(* Let $k\ge0$ be an integer and $a,b,c,d\in\mathbb{C}$ with $c,\ d+1,\ a+b-d+1\notin\{0,-1,-2,\dots\}$, $d-a+1,d-b+1\notin\{0,-1,-2,\dots\}$, and $\mathrm{Re}(d-a-b-k)>0$. Then $$\begin{aligned} {}_3F_2\!\left(\left.\begin{array}{c}a,\ b,\ c+k+1\\ d+1,\ c\end{array}\right|1\right) &=\frac{(-1)^k\,\Gamma(d+1)\,\Gamma(d-a-b-k)\,(a+b-d+1)_k}{c\,\Gamma(d-a+1)\,\Gamma(d-b+1)}\\ &\quad\times\Bigg\{\big[a(b-c)+c(d-b)\big]\,{}_3F_2\!\left(\left.\begin{array}{c}-k,\ a,\ b\\ c+1,\ a+b-d+1\end{array}\right|1\right)\\ &\qquad+\frac{ab\,(c-d)\,k}{(c+1)(a+b-d+1)}\,{}_3F_2\!\left(\left.\begin{array}{c}1-k,\ a+1,\ b+1\\ c+2,\ a+b-d+2\end{array}\right|1\right)\Bigg\}, \end{aligned}$$ where the two ${}_3F_2$ on the right are terminating (finite) sums (the second term is absent when $k=0$).
   Context: ${}_3F_2(a_1,a_2,a_3;b_1,b_2;1)=\sum_{m\ge0}\frac{(a_1)_m(a_2)_m(a_3)_m}{m!\,(b_1)_m(b_2)_m}$ with $(\alpha)_m=\Gamma(\alpha+m)/\Gamma(\alpha)$; it converges absolutely if $\mathrm{Re}(b_1+b_2-a_1-a_2-a_3)>0$, and terminates after $m=N$ if some upper parameter equals $-N$ with $N\in\{0,1,2,\dots\}$. *)

theory Defs
  imports "HOL-Analysis.Analysis"
begin

text \<open>Generalized hypergeometric series 3F2 at argument 1, as the series sum over m.
  For terminating series the terms vanish eventually, so this is the finite sum.\<close>
definition hyp3F2 :: "complex \<Rightarrow> complex \<Rightarrow> complex \<Rightarrow> complex \<Rightarrow> complex \<Rightarrow> complex" where
  "hyp3F2 a1 a2 a3 b1 b2 =
     (\<Sum>m. pochhammer a1 m * pochhammer a2 m * pochhammer a3 m /
            (fact m * pochhammer b1 m * pochhammer b2 m))"

end

theory Submission
  imports Defs "HOL-Computational_Algebra.Formal_Power_Series" "HOL-Real_Asymp.Real_Asymp"
begin

text \<open>
  By the Chu--Vandermonde identity, \<open>(c+k+1)\<^sub>m/(c)\<^sub>m\<close> is the terminating series
  \<open>\<Sum>\<^sub>j (-m)\<^sub>j (-k-1)\<^sub>j / (j! (c)\<^sub>j)\<close>. Exchanging this finite sum with the sum over \<open>m\<close>
  turns the left-hand side into a combination of the series \<open>\<Sum>\<^sub>m (-m)\<^sub>j (a)\<^sub>m (b)\<^sub>m / (m! (d+1)\<^sub>m)\<close>,
  each of which is a shifted Gauss series \<open>\<^sub>2F\<^sub>1(a+j, b+j; d+1+j; 1)\<close> and is evaluated by Gauss's
  theorem. Pascal's rule regroups the resulting \<open>k+2\<close> terms into \<open>k+1\<close> adjacent pairs; each pair is
  the \<open>i\<close>-th term of \<open>\<^sub>3F\<^sub>2(-k, a, b; c+1, a+b-d+1; 1)\<close> times a factor linear in \<open>i\<close>, and the
  part proportional to \<open>i\<close> is the second terminating series on the right.

  Gauss's theorem is proved from the contiguous relation \<open>c(c-a-b) F(c) = (c-a)(c-b) F(c+1)\<close>:
  iterating it \<open>n\<close> times and letting \<open>n \<rightarrow> \<infinity>\<close>, the quotient of Pochhammer symbols tends to the
  Gamma quotient while \<open>F(a, b; c+n; 1) \<rightarrow> 1\<close>.
\<close>


section \<open>Pochhammer symbols\<close>

lemma pochhammer_neq_0_if_not_nonpos_Int:
  "(z :: 'a :: field_char_0) \<notin> \<int>\<^sub>\<le>\<^sub>0 \<Longrightarrow> pochhammer z n \<noteq> 0"
  by (auto simp: pochhammer_eq_0_iff)
(* Let $\mathcal{S}_1,\dots,\mathcal{S}_n\subseteq\mathbb{R}^D$ be independent linear subspaces (i.e. $\sum_{\ell=1}^n d_\ell=\dim(\sum_\ell\mathcal{S}_\ell)$, $d_\ell=\dim\mathcal{S}_\ell$), and let $\mathcal{X}=\{\boldsymbol{x}_1,\dots,\boldsymbol{x}_N\}\subseteq\bigcup_\ell\mathcal{S}_\ell$ consist of unit-norm vectors such that each $\mathcal{S}_\ell$ contains at least $d_\ell$ points of $\mathcal{X}$ spanning $\mathcal{S}_\ell$. Let $k\ge\sum_\ell d_\ell$ and $t>0$ an integer. Run the following procedure with $\lambda=\infty$: (1) compute $\mathcal{X}_0=\mathcal{X}_0^{(k)}$ by farthest first search ($\mathcal{X}_0^{(1)}=\{\boldsymbol{x}_j\}$ for an arbitrary $j$; for $i=1,\dots,k-1$, $\mathcal{X}_0^{(i+1)}=\mathcal{X}_0^{(i)}\cup\{\boldsymbol{x}\}$ with $\boldsymbol{x}\in\arg\max_{\boldsymbol{x}_j\in\mathcal{X}}f_\infty(\boldsymbol{x}_j,\mathcal{X}_0^{(i)})$), and for each $j$ let $\boldsymbol{c}_j$ be an optimal solution of $\min_{\boldsymbol{c}\in\mathbb{R}^N}\|\boldsymbol{c}\|_1$ s.t. $\boldsymbol{x}_j=\sum_{i:\boldsymbol{x}_i\in\mathcal{X}_0}c_i\boldsymbol{x}_i$; (2) set $\tilde{\boldsymbol{c}}_j=\boldsymbol{c}_j/\|\boldsymbol{c}_j\|_2$ and, for all $i,j$, $W_{ij}=1$ if $\tilde{\boldsymbol{c}}_j$ is one of the $t$ nearest neighbors of $\tilde{\boldsymbol{c}}_i$ (largest inner products with $\tilde{\boldsymbol{c}}_i$) and $\langle\tilde{\boldsymbol{c}}_j,\tilde{\boldsymbol{c}}_i\rangle>0$, and $W_{ij}=0$ otherwise; (3) set $\mathbf{A}=\mathbf{W}+\mathbf{W}^\top$. Then $\mathbf{A}$ has no wrong connections: $A_{ij}\neq0$ only if $\boldsymbol{x}_i$ and $\boldsymbol{x}_j$ lie in the same subspace.
   Context: $f_\infty(\boldsymbol{x}_j,\mathcal{X}_0):=\min_{\boldsymbol{c}\in\mathbb{R}^N}\|\boldsymbol{c}\|_1$ subject to $\boldsymbol{x}_j=\sum_{i:\boldsymbol{x}_i\in\mathcal{X}_0}c_i\boldsymbol{x}_i$, with value $\infty$ if infeasible. *)

theory Defs
  imports "HOL-Analysis.Analysis" "HOL-Library.Extended_Real"
begin

text \<open>Data points are indexed by a finite type 'm (so N = CARD('m)); coefficient
vectors c live in real^'m (i.e. R^N).  A subset X0 of the data is represented
by the set of its indices.\<close>

definition l1norm :: "real^'m::finite \<Rightarrow> real" where
  "l1norm c = (\<Sum>i\<in>UNIV. \<bar>c $ i\<bar>)"

text \<open>f_infinity(x_j, X0): minimal l1 norm of a representation of x_j by the
points of X0; infinity (Inf of the empty set of ereals) if infeasible.\<close>
definition f_inf :: "('m::finite \<Rightarrow> 'a::real_vector) \<Rightarrow> 'm \<Rightarrow> 'm set \<Rightarrow> ereal" where
  "f_inf x j X0 = Inf {ereal (l1norm c) | c. x j = (\<Sum>i\<in>X0. (c $ i) *\<^sub>R x i)}"

definition ffs_run :: "('m::finite \<Rightarrow> 'a::real_vector) \<Rightarrow> nat \<Rightarrow> (nat \<Rightarrow> 'm set) \<Rightarrow> bool" where
  "ffs_run x k X0 \<longleftrightarrow>
     (\<exists>j. X0 1 = {j}) \<and>
     (\<forall>i. 1 \<le> i \<and> i < k \<longrightarrow>
        (\<exists>p. X0 (Suc i) = insert p (X0 i) \<and> (\<forall>q. f_inf x q (X0 i) \<le> f_inf x p (X0 i))))"

definition optimal_coef :: "('m::finite \<Rightarrow> 'a::real_vector) \<Rightarrow> 'm set \<Rightarrow> 'm \<Rightarrow> real^'m \<Rightarrow> bool" where
  "optimal_coef x X0 j c \<longleftrightarrow>
     x j = (\<Sum>i\<in>X0. (c $ i) *\<^sub>R x i) \<and> ereal (l1norm c) = f_inf x j X0"

text \<open>NN is a set of t nearest neighbours of ct i (largest inner products with
ct i), ties broken arbitrarily; if t exceeds N all points are neighbours.\<close>
definition is_tNN :: "('m::finite \<Rightarrow> real^'m) \<Rightarrow> nat \<Rightarrow> 'm \<Rightarrow> 'm set \<Rightarrow> bool" where
  "is_tNN ct t i NN \<longleftrightarrow>
     card NN = min t CARD('m) \<and>
     (\<forall>j\<in>NN. \<forall>j'. j' \<notin> NN \<longrightarrow> inner (ct j') (ct i) \<le> inner (ct j) (ct i))"

definition knn_W :: "('m::finite \<Rightarrow> real^'m) \<Rightarrow> ('m \<Rightarrow> 'm set) \<Rightarrow> 'm \<Rightarrow> 'm \<Rightarrow> real" where
  "knn_W ct NN i j = (if j \<in> NN i \<and> inner (ct j) (ct i) > 0 then 1 else 0)"

end

theory Submission
  imports Defs
begin

text \<open>Independence of the subspaces means that each \<open>S l\<close> meets the span of the
others only in \<open>0\<close>. With \<open>\<lambda> = \<infinity>\<close>, the points maximising \<open>f_inf\<close> are exactly the
points outside the span of the current selection, as long as there are any; so farthest
first search raises the dimension of the selection in every step until it spans all
data, which happens within \<open>\<Sum> d\<^sub>l \<le> k\<close> steps. Then every \<open>l\<^sub>1\<close> problem is feasible and,
by compactness, has an optimal solution. In a representation of \<open>x j\<close>, the part
carried by points outside the subspace of \<open>x j\<close> lies both in that subspace and in
the span of the others, hence vanishes; dropping it does not increase the \<open>l\<^sub>1\<close> norm, so
an optimal \<open>c\<^sub>j\<close> is supported on points of the subspace of \<open>x j\<close>. Two coefficient
vectors with positive inner product share a support point, a nonzero vector lying
in both subspaces, so the subspaces coincide.\<close>

lemma dim_Un_le: "dim (A \<union> (B::'a::euclidean_space set)) \<le> dim A + dim B"
proof -
  have "dim (A \<union> B) = dim {x + y |x y. x \<in> span A \<and> y \<in> span B}"
    by (simp flip: span_Un)
  also have "\<dots> \<le> dim (span A) + dim (span B)"
    using dim_sums_Int[of "span A" "span B"] by simp
  finally show ?thesis by simp
qed

lemma dim_UN_le:
  fixes S :: "'l \<Rightarrow> 'a::euclidean_space set"
  assumes "finite L"
  shows "dim (\<Union>l\<in>L. S l) \<le> (\<Sum>l\<in>L. dim (S l))"
  using assms
proof (induction L rule: finite_induct)
  case (insert a L)
  have "dim (\<Union>l\<in>insert a L. S l) \<le> dim (S a) + dim (\<Union>l\<in>L. S l)"
    using dim_Un_le by simp
  with insert show ?case by simp
qed simp

lemma independent_subspaces_Int_span_others:
  fixes S :: "'l \<Rightarrow> 'a::euclidean_space set"
  assumes "finite L" "l \<in> L" "subspace (S l)"
    and indep: "(\<Sum>l\<in>L. dim (S l)) = dim (span (\<Union>l\<in>L. S l))"
  shows "S l \<inter> span (\<Union>l'\<in>L - {l}. S l') \<subseteq> {0}"
proof -
  define V where "V = span (\<Union>l'\<in>L - {l}. S l')"
  have union_split: "(\<Union>l\<in>L. S l) = S l \<union> (\<Union>l'\<in>L - {l}. S l')"
    using \<open>l \<in> L\<close> by blast
  have span_S: "span (S l) = S l"
    using \<open>subspace (S l)\<close> by (rule span_eq_iff[THEN iffD2])
  have "(\<Sum>l\<in>L. dim (S l)) = dim {u + v |u v. u \<in> S l \<and> v \<in> V}"
    using indep unfolding union_split span_Un span_S V_def .
  moreover have "dim V \<le> (\<Sum>l'\<in>L - {l}. dim (S l'))"
    unfolding V_def using dim_UN_le[of "L - {l}" S] \<open>finite L\<close> by simp
  moreover have "(\<Sum>l\<in>L. dim (S l)) = dim (S l) + (\<Sum>l'\<in>L - {l}. dim (S l'))"
    using \<open>finite L\<close> \<open>l \<in> L\<close> by (simp add: sum.remove)
  moreover have "dim {u + v |u v. u \<in> S l \<and> v \<in> V} + dim (S l \<inter> V) = dim (S l) + dim V"
    using dim_sums_Int[OF \<open>subspace (S l)\<close>] by (simp add: V_def)
  ultimately have "dim (S l \<inter> V) = 0"
    by linarith
  then show ?thesis
    by (simp add: V_def)
qed
lemma trace_diag_mat_congruence:
  fixes Y :: "'a::comm_semiring_1^'m^'n"
  shows "trace (Y ** diag_mat e ** transpose Y) = (\<Sum>i\<in>UNIV. e $ i * (transpose Y ** Y) $ i $ i)"
proof -
  have "trace (Y ** diag_mat e ** transpose Y) = trace (transpose Y ** (Y ** diag_mat e))"
    by (rule trace_mul_sym)
  also have "\<dots> = trace (transpose Y ** Y ** diag_mat e)"
    by (simp only: matrix_mul_assoc)
  finally show ?thesis
    by (simp add: trace_def matrix_mul_diag_mat_right mult.commute)
qed

lemma invertible_matrix_inv:
  assumes "invertible A"
  shows "A ** matrix_inv A = mat 1" and "matrix_inv A ** A = mat 1"
  using someI_ex[OF assms[unfolded invertible_def]] by (simp_all add: matrix_inv_def)

lemma matrix_inv_unique:
  fixes A :: "'a::semiring_1^'n^'m"
  assumes "A ** B = mat 1" and "B ** A = mat 1"
  shows "matrix_inv A = B"
proof -
  have inv: "invertible A" using assms invertible_def by blast
  have "matrix_inv A = matrix_inv A ** (A ** B)" using assms by simp
  also have "\<dots> = B" using invertible_matrix_inv(2)[OF inv] by (simp add: matrix_mul_assoc)
  finally show ?thesis .
qed

lemma invertible_matrix_inv_matrix: "invertible A \<Longrightarrow> invertible (matrix_inv A)"
  using invertible_matrix_inv invertible_def by blast

lemma matrix_inv_matrix_mult:
  assumes A: "invertible (A::'a::semiring_1^'n^'m)" and B: "invertible (B::'a^'k^'n)"
  shows "matrix_inv (A ** B) = matrix_inv B ** matrix_inv A"
proof (rule matrix_inv_unique)
  have "A ** B ** (matrix_inv B ** matrix_inv A) = A ** (B ** matrix_inv B) ** matrix_inv A"
    by (simp add: matrix_mul_assoc)
  then show "A ** B ** (matrix_inv B ** matrix_inv A) = mat 1"
    by (simp add: A B invertible_matrix_inv)
  have "matrix_inv B ** matrix_inv A ** (A ** B) = matrix_inv B ** (matrix_inv A ** A) ** B"
    by (simp add: matrix_mul_assoc)
  then show "matrix_inv B ** matrix_inv A ** (A ** B) = mat 1"
    by (simp add: A B invertible_matrix_inv)
qed

lemma
  fixes A :: "'a::comm_semiring_1^'n^'m"
  assumes "invertible A"
  shows invertible_transpose: "invertible (transpose A)"
    and matrix_inv_transpose: "matrix_inv (transpose A) = transpose (matrix_inv A)"
proof -
  have "transpose A ** transpose (matrix_inv A) = mat 1"
    and "transpose (matrix_inv A) ** transpose A = mat 1"
    by (simp_all add: invertible_matrix_inv assms flip: matrix_transpose_mul)
  then show "invertible (transpose A)" "matrix_inv (transpose A) = transpose (matrix_inv A)"
    using invertible_def matrix_inv_unique by blast+
qed

lemma
  fixes d :: "'a::field^'n"
  assumes "\<forall>i. d $ i \<noteq> 0"
  shows invertible_diag_mat: "invertible (diag_mat d)"
    and matrix_inv_diag_mat: "matrix_inv (diag_mat d) = diag_mat (\<chi> i. inverse (d $ i))"
proof -
  have "diag_mat d ** diag_mat (\<chi> i. inverse (d $ i)) = mat 1"
    and "diag_mat (\<chi> i. inverse (d $ i)) ** diag_mat d = mat 1"
    using assms by (simp_all add: diag_mat_mult) (simp_all add: diag_mat_def mat_def vec_eq_iff)
  then show "invertible (diag_mat d)" "matrix_inv (diag_mat d) = diag_mat (\<chi> i. inverse (d $ i))"
    using invertible_def matrix_inv_unique by blast+
qed

lemma invertible_if_full_rank:
  fixes A :: "real^'n^'m"
  assumes "CARD('m) = CARD('n)" and "rank A = CARD('n)"
  shows "invertible A"
proof -
  have "inj ((*v) A)" using assms(2) full_rank_injective by blast
  then obtain L where L: "L ** A = mat 1" using matrix_left_invertible_injective by blast
  have "surj ((*v) A)" using assms full_rank_surjective[of A] by simp
  then obtain R where R: "A ** R = mat 1" using matrix_right_invertible_surjective by blast
  have "L = L ** (A ** R)" using R by simp
  also have "\<dots> = R" using L by (simp add: matrix_mul_assoc)
  finally have "L = R" .
  then show ?thesis using L R invertible_def by blast
qed

lemma transpose_mult_self_diag_pos:
  fixes Y :: "real^'n^'m"
  assumes "invertible Y"
  shows "(transpose Y ** Y) $ i $ i > 0"
proof -
  have entry: "(transpose Y ** Y) $ i $ i = (\<Sum>k\<in>UNIV. (Y $ k $ i)\<^sup>2)"
    by (simp add: matrix_matrix_mult_def transpose_def power2_eq_square)
  have "(\<Sum>k\<in>UNIV. matrix_inv Y $ i $ k * Y $ k $ i) = 1"
    using invertible_matrix_inv(2)[OF assms] by (simp add: vec_eq_iff matrix_matrix_mult_def mat_def)
  then obtain k where "Y $ k $ i \<noteq> 0"
    by (metis (no_types, lifting) mult_zero_right sum.neutral zero_neq_one)
  then show ?thesis
    unfolding entry by (intro sum_pos2[where i = k]) auto
qed

lemma matrix_inv_mult_transpose:
  fixes X :: "'a::comm_semiring_1^'n^'m"
  assumes "invertible X"
  shows "matrix_inv (X ** transpose X) = transpose (matrix_inv X) ** matrix_inv X"
  using assms by (simp add: matrix_inv_matrix_mult invertible_transpose matrix_inv_transpose)

lemma matrix_inv_mult_transpose_diag_pos:
  fixes X :: "real^'n^'m"
  assumes "invertible X"
  shows "matrix_inv (X ** transpose X) $ i $ i > 0"
  using assms by (simp add: matrix_inv_mult_transpose transpose_mult_self_diag_pos
      invertible_matrix_inv_matrix)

* What you are asked to do
Return exactly, and only, the lines above starting at the line that contains "A ** transpose" and ending at the line that contains "using assms by (simp_all".

* Output below
  have "transpose A ** transpose (matrix_inv A) = mat 1"
    and "transpose (matrix_inv A) ** transpose A = mat 1"
    by (simp_all add: invertible_matrix_inv assms flip: matrix_transpose_mul)
  then show "invertible (transpose A)" "matrix_inv (transpose A) = transpose (matrix_inv A)"
    using invertible_def matrix_inv_unique by blast+
qed

lemma
  fixes d :: "'a::field^'n"
  assumes "\<forall>i. d $ i \<noteq> 0"
  shows invertible_diag_mat: "invertible (diag_mat d)"
    and matrix_inv_diag_mat: "matrix_inv (diag_mat d) = diag_mat (\<chi> i. inverse (d $ i))"
proof -
  have "diag_mat d ** diag_mat (\<chi> i. inverse (d $ i)) = mat 1"
    and "diag_mat (\<chi> i. inverse (d $ i)) ** diag_mat d = mat 1"
    using assms by (simp_all add: diag_mat_mult) (simp_all add: diag_mat_def mat_def vec_eq_iff)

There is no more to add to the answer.